Jon: Whatever it is, taking care of it the best you can, right?

Iain: We've got about five minutes left. So why don't we spend a little time on you just telling us, what happens at your seminars? We obviously have a good feel for you and your journey and your realizations, and how you handled life from—in your story. But if someone wants to come along to one of you seminars, well, what can they expect?

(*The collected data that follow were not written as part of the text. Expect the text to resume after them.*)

locale P5_modprod =
  fixes VH :: "'b set" and EH :: "'b \<Rightarrow> 'b \<Rightarrow> bool"
  assumes finite_VH: "finite VH"
    and VH_nonempty: "VH \<noteq> {}"
    and EH_sym: "EH h k \<Longrightarrow> EH k h"
    and EH_irrefl: "\<not> EH h h"
    and triangle_free: "\<lbrakk>a \<in> VH; b \<in> VH; c \<in> VH; EH a b; EH b c; EH a c\<rbrakk> \<Longrightarrow> False"
    and no_isolated_vertex: "h \<in> VH \<Longrightarrow> \<exists>k\<in>VH. EH h k"
    and no_isolated_edge: "\<lbrakk>h \<in> VH; k \<in> VH; EH h k\<rbrakk> \<Longrightarrow>
       (\<exists>c\<in>VH. c \<noteq> k \<and> EH h c) \<or> (\<exists>c\<in>VH. c \<noteq> h \<and> EH k c)"
    and common_non_neighbour: "\<lbrakk>h \<in> VH; k \<in> VH\<rbrakk> \<Longrightarrow>
       \<exists>c\<in>VH. c \<noteq> h \<and> c \<noteq> k \<and> \<not> EH h c \<and> \<not> EH k c"
begin

abbreviation "V \<equiv> modprod_V (path_V 5) VH"
abbreviation "E \<equiv> modprod_E path_E EH"

lemma EH_commute: "EH h k \<longleftrightarrow> EH k h"
  using EH_sym by blast

lemma mem_V: "x \<in> V \<longleftrightarrow> fst x < 5 \<and> snd x \<in> VH"
  by (cases x) (auto simp: modprod_V_def path_V_def)

lemma finite_V: "finite V"
  by (simp add: modprod_V_def path_V_def finite_VH)

lemma E_iff: "E (g,h) (g',k) \<longleftrightarrow> (g,h) \<noteq> (g',k) \<and>
   ((g = g' \<and> EH h k) \<or> ((g+1 = g' \<or> g'+1 = g) \<and> h = k) \<or> ((g+1 = g' \<or> g'+1 = g) \<and> EH h k) \<or>
    (g \<noteq> g' \<and> h \<noteq> k \<and> \<not> (g+1 = g' \<or> g'+1 = g) \<and> \<not> EH h k))"
  by (simp add: modprod_E_def path_E_def)

lemma E_irrefl: "\<not> E x x"
  by (cases x) (simp add: E_iff)

lemma E_sym: "E x y \<Longrightarrow> E y x"
  by (cases x; cases y) (auto simp: E_iff EH_commute)

lemma E_same_fibre: "E (g,h) (g',h) \<longleftrightarrow> g+1 = g' \<or> g'+1 = g"
  using EH_irrefl[of h] by (auto simp: E_iff)

lemma E_adjacent_fibres: "EH h k \<Longrightarrow> E (g,h) (g',k) \<longleftrightarrow> g = g' \<or> g+1 = g' \<or> g'+1 = g"
  using EH_irrefl[of h] by (auto simp: E_iff)

lemma E_nonadjacent_fibres:
  "\<lbrakk>h \<noteq> k; \<not> EH h k\<rbrakk> \<Longrightarrow> E (g,h) (g',k) \<longleftrightarrow> g \<noteq> g' \<and> g+1 \<noteq> g' \<and> g'+1 \<noteq> g"
  by (auto simp: E_iff)

definition antipodal :: "nat \<times> 'b \<Rightarrow> nat \<times> 'b \<Rightarrow> bool" where
  "antipodal x y \<longleftrightarrow> snd x = snd y \<and> (fst x + 3 = fst y \<or> fst y + 3 = fst x)"

definition mdist :: "nat \<times> 'b \<Rightarrow> nat \<times> 'b \<Rightarrow> nat" where
  "mdist x y = (if x = y then 0 else if E x y then 1 else if antipodal x y then 3 else 2)"

lemma mdist_le_3: "mdist x y \<le> 3"
  by (simp add: mdist_def)

lemma mdist_eq_0_iff: "mdist x y = 0 \<longleftrightarrow> x = y"
  by (simp add: mdist_def)

lemma mdist_commute: "mdist x y = mdist y x"
  using E_sym by (auto simp: mdist_def antipodal_def)

lemma mdist_same_fibre:
  "mdist (g,h) (g',h) =
    (if g = g' then 0 else if g+1 = g' \<or> g'+1 = g then 1 else if g+3 = g' \<or> g'+3 = g then 3 else 2)"
  by (simp add: mdist_def E_same_fibre antipodal_def)

lemma mdist_distinct_fibres: "h \<noteq> k \<Longrightarrow> mdist (g,h) (g',k) = (if E (g,h) (g',k) then 1 else 2)"
  by (simp add: mdist_def antipodal_def)

lemma mdist_antipodal: "antipodal x y \<Longrightarrow> mdist x y = 3"
  by (cases x; cases y) (auto simp: mdist_def antipodal_def E_iff)

lemma antipodal_no_common_neighbour:
  assumes "antipodal x y" "E x w" "E w y" "x \<in> V" "y \<in> V" "w \<in> V"
  shows False
proof -
  obtain g h g' d k where xyw: "x = (g,h)" "y = (g',h)" "w = (d,k)" "g + 3 = g' \<or> g' + 3 = g"
    using assms(1) by (cases x; cases y; cases w) (auto simp: antipodal_def)
  have "g < 5" "g' < 5" "d < 5" using assms(4-6) xyw by (simp_all add: mem_V)
  consider "k = h" | "EH h k" | "k \<noteq> h" "\<not> EH h k"
    by blast
  then show False
  proof cases
    case 1 then show ?thesis using assms(2,3) xyw by (simp add: E_same_fibre; arith)
  next
    case 2 then show ?thesis
      using assms(2,3) xyw E_adjacent_fibres EH_sym[OF 2] by (simp; arith)
  next
    case 3
    then have "\<not> EH k h" using EH_sym by blast
    then have "g \<noteq> d \<and> g+1 \<noteq> d \<and> d+1 \<noteq> g" "d \<noteq> g' \<and> d+1 \<noteq> g' \<and> g'+1 \<noteq> d"
      using 3 assms(2,3) xyw E_nonadjacent_fibres[of h k] E_nonadjacent_fibres[of k h] by auto
    then show ?thesis using xyw(4) \<open>g < 5\<close> \<open>g' < 5\<close> \<open>d < 5\<close> by arith
  qed
qed

lemma mdist_le_Suc_mdist: "\<lbrakk>E x w; x \<in> V; y \<in> V; w \<in> V\<rbrakk> \<Longrightarrow> mdist x y \<le> Suc (mdist w y)"
  using antipodal_no_common_neighbour[of x y w] E_irrefl[of x]
  by (auto simp: mdist_def)

lemma walk_length_ge_mdist: "is_walk V E p n x y \<Longrightarrow> mdist x y \<le> n"
proof (induction n arbitrary: p x)
  case 0
  then obtain a where "p = [a]" by (cases p) (auto simp: is_walk_def)
  with 0 show ?case by (auto simp: is_walk_def mdist_def)
next
  case (Suc n)
  then obtain p' where p: "p = x # p'" "length p' = Suc n"
    by (cases p) (auto simp: is_walk_def)
  then have "p' \<noteq> []" by auto
  have "is_walk V E p' n (hd p') y"
    unfolding is_walk_def
  proof (intro conjI allI impI)
    fix i assume "i < n"
    then show "E (p' ! i) (p' ! Suc i)"
      using Suc.prems p by (auto simp: is_walk_def)
  qed (use Suc.prems p \<open>p' \<noteq> []\<close> in \<open>auto simp: is_walk_def\<close>)
  moreover have "E x (hd p')" "x \<in> V" "hd p' \<in> V" "y \<in> V"
    using Suc.prems p \<open>p' \<noteq> []\<close> by (auto simp: is_walk_def hd_conv_nth)
  ultimately show ?case using Suc.IH mdist_le_Suc_mdist by (meson le_trans not_less_eq_eq)
qed

lemma common_neighbour_same_fibre:
  assumes "g + 2 \<le> g'" "g' < 5" "g' \<noteq> g + 3" "h \<in> VH"
  shows "\<exists>w\<in>V. E (g,h) w \<and> E w (g',h)"
proof (cases "g' = g + 2")
  case True
  then show ?thesis using assms by (intro bexI[of _ "(g+1,h)"]) (auto simp: mem_V E_same_fibre)
next
  case False
  then have "g = 0" "g' = 4" using assms(1-3) by auto
  obtain c where c: "c \<in> VH" "c \<noteq> h" "\<not> EH h c"
    using common_non_neighbour[OF assms(4) assms(4)] by blast
  then have "E (g,h) (2,c)" "E (2,c) (g',h)"
    using \<open>g = 0\<close> \<open>g' = 4\<close> E_nonadjacent_fibres[of h c] E_nonadjacent_fibres[of c h] EH_commute by auto
  then show ?thesis using c by (intro bexI[of _ "(2,c)"]) (auto simp: mem_V)
qed
lemma disjoint_union_Kdd_add_component:
  assumes union: "disjoint_union_Kdd V E d"
    and g: "bij_betw g C (Kdd_vertices d)" "\<forall>x\<in>C. \<forall>z\<in>C. E x z \<longleftrightarrow> Kdd_edge d (g x) (g z)"
    and disj: "C \<inter> V = {}"
    and no_edges: "\<forall>x\<in>C. \<forall>z\<in>V. \<not> E x z \<and> \<not> E z x"
  shows "disjoint_union_Kdd (C \<union> V) E d"
proof -
  obtain m and f :: "'a \<Rightarrow> nat \<times> nat \<times> bool" where f: "bij_betw f V ({0..<m} \<times> Kdd_vertices d)"
    and f_edges: "\<forall>x\<in>V. \<forall>z\<in>V. E x z \<longleftrightarrow> fst (f x) = fst (f z) \<and> Kdd_edge d (snd (f x)) (snd (f z))"
    using union unfolding disjoint_union_Kdd_def by blast
  define h where "h x = (if x \<in> C then (m, g x) else f x)" for x
  have "bij_betw h C ({m} \<times> Kdd_vertices d)"
  proof -
    have "bij_betw (\<lambda>x. (m, g x)) C ({m} \<times> Kdd_vertices d)"
      using g(1) unfolding bij_betw_def inj_on_def by auto
    then show ?thesis by (rule bij_betw_cong[THEN iffD1, rotated]) (simp add: h_def)
  qed
  moreover have "bij_betw h V ({0..<m} \<times> Kdd_vertices d)"
    using f by (rule bij_betw_cong[THEN iffD1, rotated]) (use disj in \<open>auto simp: h_def\<close>)
  ultimately have "bij_betw h (C \<union> V) ({m} \<times> Kdd_vertices d \<union> {0..<m} \<times> Kdd_vertices d)"
    by (rule bij_betw_combine) auto
  moreover have "{m} \<times> Kdd_vertices d \<union> {0..<m} \<times> Kdd_vertices d = {0..<Suc m} \<times> Kdd_vertices d"
    by auto
  moreover have fst_h: "fst (h x) < m" if "x \<in> V" for x
    using that disj bij_betw_apply[OF f that] unfolding h_def by auto
  have "E x z \<longleftrightarrow> fst (h x) = fst (h z) \<and> Kdd_edge d (snd (h x)) (snd (h z))"
    if "x \<in> C \<union> V" "z \<in> C \<union> V" for x z
    using that g(2) f_edges no_edges disj fst_h[of x] fst_h[of z] unfolding h_def by (auto split: if_splits)
  ultimately show ?thesis
    unfolding disjoint_union_Kdd_def by metis
qed

lemma complete_bipartite_iso_Kdd:
  assumes "finite A" "finite B" "card A = d" "card B = d" "A \<inter> B = {}"
    and edges: "\<forall>x\<in>A \<union> B. \<forall>z\<in>A \<union> B. E x z \<longleftrightarrow> (x \<in> A \<longleftrightarrow> z \<in> B)"
  shows "\<exists>g. bij_betw g (A \<union> B) (Kdd_vertices d) \<and> (\<forall>x\<in>A \<union> B. \<forall>z\<in>A \<union> B. E x z \<longleftrightarrow> Kdd_edge d (g x) (g z))"
proof -
  obtain gA where gA: "bij_betw gA A {0..<d}"
    using ex_bij_betw_finite_nat[OF assms(1)] assms(3) by auto
  obtain gB where gB: "bij_betw gB B {0..<d}"
    using ex_bij_betw_finite_nat[OF assms(2)] assms(4) by auto
  define g where "g x = (if x \<in> A then (gA x, True) else (gB x, False))" for x
  have "bij_betw (\<lambda>x. (gA x, True)) A ({0..<d} \<times> {True})"
    using gA unfolding bij_betw_def inj_on_def by auto
  then have bij_A: "bij_betw g A ({0..<d} \<times> {True})"
    by (rule bij_betw_cong[THEN iffD1, rotated]) (simp add: g_def)
  have "bij_betw (\<lambda>x. (gB x, False)) B ({0..<d} \<times> {False})"
    using gB unfolding bij_betw_def inj_on_def by auto
  then have bij_B: "bij_betw g B ({0..<d} \<times> {False})"
    by (rule bij_betw_cong[THEN iffD1, rotated]) (use assms(5) in \<open>auto simp: g_def\<close>)
  have "{0..<d} \<times> {True} \<union> {0..<d} \<times> {False} = Kdd_vertices d"
    unfolding Kdd_vertices_def by auto
  then have bij: "bij_betw g (A \<union> B) (Kdd_vertices d)"
    using bij_betw_combine[OF bij_A bij_B] by auto
  moreover have "E x z \<longleftrightarrow> Kdd_edge d (g x) (g z)" if "x \<in> A \<union> B" "z \<in> A \<union> B" for x z
    using that edges bij assms(5) unfolding Kdd_edge_def g_def by (auto dest: bij_betw_apply)
  ultimately show ?thesis by blast
qed

lemma nbhds_at_edge:
  fixes V :: "'a set" and E :: "'a \<Rightarrow> 'a \<Rightarrow> bool"
  assumes sym: "\<And>x z. x \<in> V \<Longrightarrow> z \<in> V \<Longrightarrow> E x z \<Longrightarrow> E z x"
    and irrefl: "\<And>x. x \<in> V \<Longrightarrow> \<not> E x x"
    and nbhds: "\<And>x y. x \<in> V \<Longrightarrow> y \<in> V \<Longrightarrow> {w\<in>V. E x w} \<inter> {w\<in>V. E y w} \<noteq> {}
                  \<Longrightarrow> {w\<in>V. E x w} = {w\<in>V. E y w}"
    and u: "u \<in> V" and v: "v \<in> V" and uv: "E v u"
  shows "\<And>x. x \<in> V \<Longrightarrow> E u x \<Longrightarrow> {w\<in>V. E x w} = {w\<in>V. E v w}"
    and "{w\<in>V. E u w} \<inter> {w\<in>V. E v w} = {}"
proof -
  show "{w\<in>V. E x w} = {w\<in>V. E v w}" if "x \<in> V" "E u x" for x
  proof -
    have "u \<in> {w\<in>V. E x w} \<inter> {w\<in>V. E v w}" using that sym u uv by blast
    then show ?thesis using nbhds[of x v] that(1) v by blast
  qed
  show "{w\<in>V. E u w} \<inter> {w\<in>V. E v w} = {}"
  proof (rule ccontr)
    assume "{w\<in>V. E u w} \<inter> {w\<in>V. E v w} \<noteq> {}"
    then have "{w\<in>V. E u w} = {w\<in>V. E v w}" using nbhds u v by blast
    then show False using irrefl u uv by blast
  qed
qed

Jon: Well, what they tell me is, there the energy is very, very powerful, whatever that means. So there’s a—people come, and so what I offer is retreats and intensives—retreats are anywhere from a few days to a week long. And there are day-long intensives, like a day long. And then there are gatherings that are like two hour gatherings that—more like, you know, meditation, silent sitting, and then there's a talk. And then there's an opportunity to come up and sort of work with me, or talk with me. And then I also work with individuals privately in person, in San Francisco or with people on Skype all over the world. And so I do private work as well. I think most of my work with people is really to help them find their way. And so I don't have an agenda for anybody. I really meet each individual where they are and really find out what's right for them. And often it's really them letting go of what they think is right for them. And actually finding out what works for them. And what I mean by that is that what works for them really brings them more into openness, into spaciousness, into presence. And what doesn't work for them really brings them more into a contracted, defended, separate place. So that's how I work.

Iain: Okay.

Jon: I'm learning all the time.

Iain: Well, isn't that the important thing, as you said earlier. The journey doesn't really stop.

Jon: Oh, it's amazing. I just—the experience of being with people and the retreats, it's extraordinary to see people's lives transforming profoundly and being a part of that process. It’s very, very—it's a privilege and it's amazing. And I'm so grateful to meet you and be with you and come here and spend time with you. So thank you so much for having me.

Iain: Well, thank you for coming along to Conscious TV and chatting with me. And I want to play again your two books. So it's “Ordinary Freedom,” which has been out for a time now on Nonduality Press, and also ”The Unbelievable Happiness of What Is.” And that's really the key, isn't it, as you say?

Jon: Yes.

Iain: Whatever happens, the unbelievable happiness of what is.

Jon: Yeah. That book is really—it's more like a—it's more like a mantra that evokes presence that just—I think it's not so much a book that you read. It's more that it guides you to come back to your true nature.

Iain: Yeah, great. Okay, thank you.

Jon: Thank you.

Iain: And thank you for watching Conscious TV, and I do hope we see you again soon. Goodbye.